We hit a pretty big milestone over the weekend. I took all three kids, solo, out to dinner. It went suprisingly well. Granted, the restaurant was only McD's, but Max was quick to point out how well it went, that he had been a very good listener, and wanted to ensure that we could do it again. For good measure, he made sure to let me know the next day how much he enjoyed his dinner the night before. We've had some really low key PJ weekends the last few weeks. Max literally didn't get out of his PJ's, even for the dinner out walk/event. The extra good news about this that it means he and his bed were dry. We go through phases about that, but overall staying dry at night is happening more and more often. Anyway, with everyone just feeling tired and a bit sickly, we just chilled out. My mom didn't even come on Saturday like she normally would since she was feeling sick with a nasty cold/cough. It was nice to just hang out and bond as a family with nothing that really had to get done and no where we really had to go. This weekend, my cousin will be making the drive so we will have company and we are equally looking forward to that.
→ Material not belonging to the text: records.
lemma bdd_above_sublevel: "bdd_above {u. u \<ge> 0 \<and> p u \<le> x}"
proof (rule ccontr)
  assume "\<not> ?thesis"
  then have unbdd: "\<forall>M. \<exists>u\<in>{u. u \<ge> 0 \<and> p u \<le> x}. M < u"
    unfolding bdd_above_def by (simp add: not_le)
  have p_le: "p t \<le> x" if "t \<ge> 0" for t
  proof -
    obtain u where "u \<ge> 0" "p u \<le> x" "u > t" using unbdd by blast
    then show ?thesis using that p_mono[of t u] by simp
  qed
  have "eventually (\<lambda>y. \<phi> y / y \<le> \<bar>x\<bar>) at_top"
  proof (rule eventually_at_top_linorderI[of 1])
    fix y :: real assume y: "y \<ge> 1"
    then have "\<phi> y - \<phi> 0 \<le> x * (y - 0)" by (intro phi_diff_le) (auto intro: p_le)
    moreover have "x * y \<le> \<bar>x\<bar> * y" using y by (intro mult_right_mono) auto
    ultimately have "\<phi> y \<le> \<bar>x\<bar> * y" using phi_zero by simp
    then show "\<phi> y / y \<le> \<bar>x\<bar>" using y by (simp add: pos_divide_le_eq)
  qed
  moreover have "eventually (\<lambda>y. \<phi> y / y > \<bar>x\<bar>) at_top"
    using phi_div_at_top by (simp add: filterlim_at_top_dense)
  ultimately have "eventually (\<lambda>_. False) (at_top :: real filter)"
    by eventually_elim simp
  then show False by simp
qed

lemma sublevel_nonempty:
  assumes "x \<ge> 0" shows "{u. u \<ge> 0 \<and> p u \<le> x} \<noteq> {}"
proof -
  have "0 \<in> {u. u \<ge> 0 \<and> p u \<le> x}" using assms p_zero_nonpos by simp
  then show ?thesis by blast
qed

lemma q_upper:
  assumes "0 \<le> u" "p u \<le> x" shows "u \<le> q x"
  unfolding gen_inverse_def by (rule cSup_upper[OF _ bdd_above_sublevel]) (use assms in simp)

lemma q_nonneg: "x \<ge> 0 \<Longrightarrow> q x \<ge> 0"
  using q_upper[of 0 x] p_zero_nonpos by simp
One of the big things I've been pondering lately is whether to send Max to kindergarten next year or keep him a year. I have not yet made a final decision, but am leaning towards putting him in the early 5's class at his preschool instead. Talking with his teachers this week in parent/teacher conference, that would be their recommendation....if I want to send him to the elementary associated with the church we attend (or haven't attended lately) and the preschool. The main reason would be fine motor skills and lack there of. The secondary and maybe of equal importance has to do with general maturity and the desire to do things his way/ability to listen and follow instructions. It's not that he can't listen and follow directions or do a task in question. It is whether he will choose to at any given moment without question or debate. In a preschool setting, it is no issue or problem. With the high demands of kindergarten and the high standards of the elementary school in question, it may be an issue. Part of the teachers comments makes me sad because it has to do with loosing some of his independence and individuality. An example given is that he likes to wear two different shoes. Another factor is that if I do send him, he will be the youngest and a full year younger than at least some, if not the majority, of his peers. If i don't go/stay private, it would be the wrong decision. If I do, I think it will be the right. So, I need to do my due diligence two fold. I need to go visit the school, again, and talk to the principle and get a better feel for a few big questions I have. And, I need to go visit and talk to a few charter schools in the area to compare. Our local elementary school is not an option. The other thing I really need to do is take a long hard look at finances to see if and how I can commit to this. My common thinking is that it could work because what I pay in nanny fee's should be more or equal to what tuition would be for all three kids. Money has been tight. Really tight. And, I'm thinking about cutting Noemi's hours again cause things are just not adding up on the expense vs. income columns. Things just keep up like the fact that I'm now $500 poorer as of yesterday because the master toilet tank just decided to crack open in grand style flooding my bathroom and room. Yes, the new toilet is nice and all, but the other toilet was fine and mostly did his job.
Why am I up in the middle of the night not sleeping? No good reason. The third time this week actually. I'm tired. I'm still coughing and fighting the end of this lingering cold. But, I'm waking up and just can't get back to sleep. Sucks. Once woke up because of a bad/strange dream. The other times, like tonight, no reason to wake up. Maybe a kid cried out once that woke me, but no other sounds. Just silence. All is as it should be, except it is prime sleep time and I'm awake.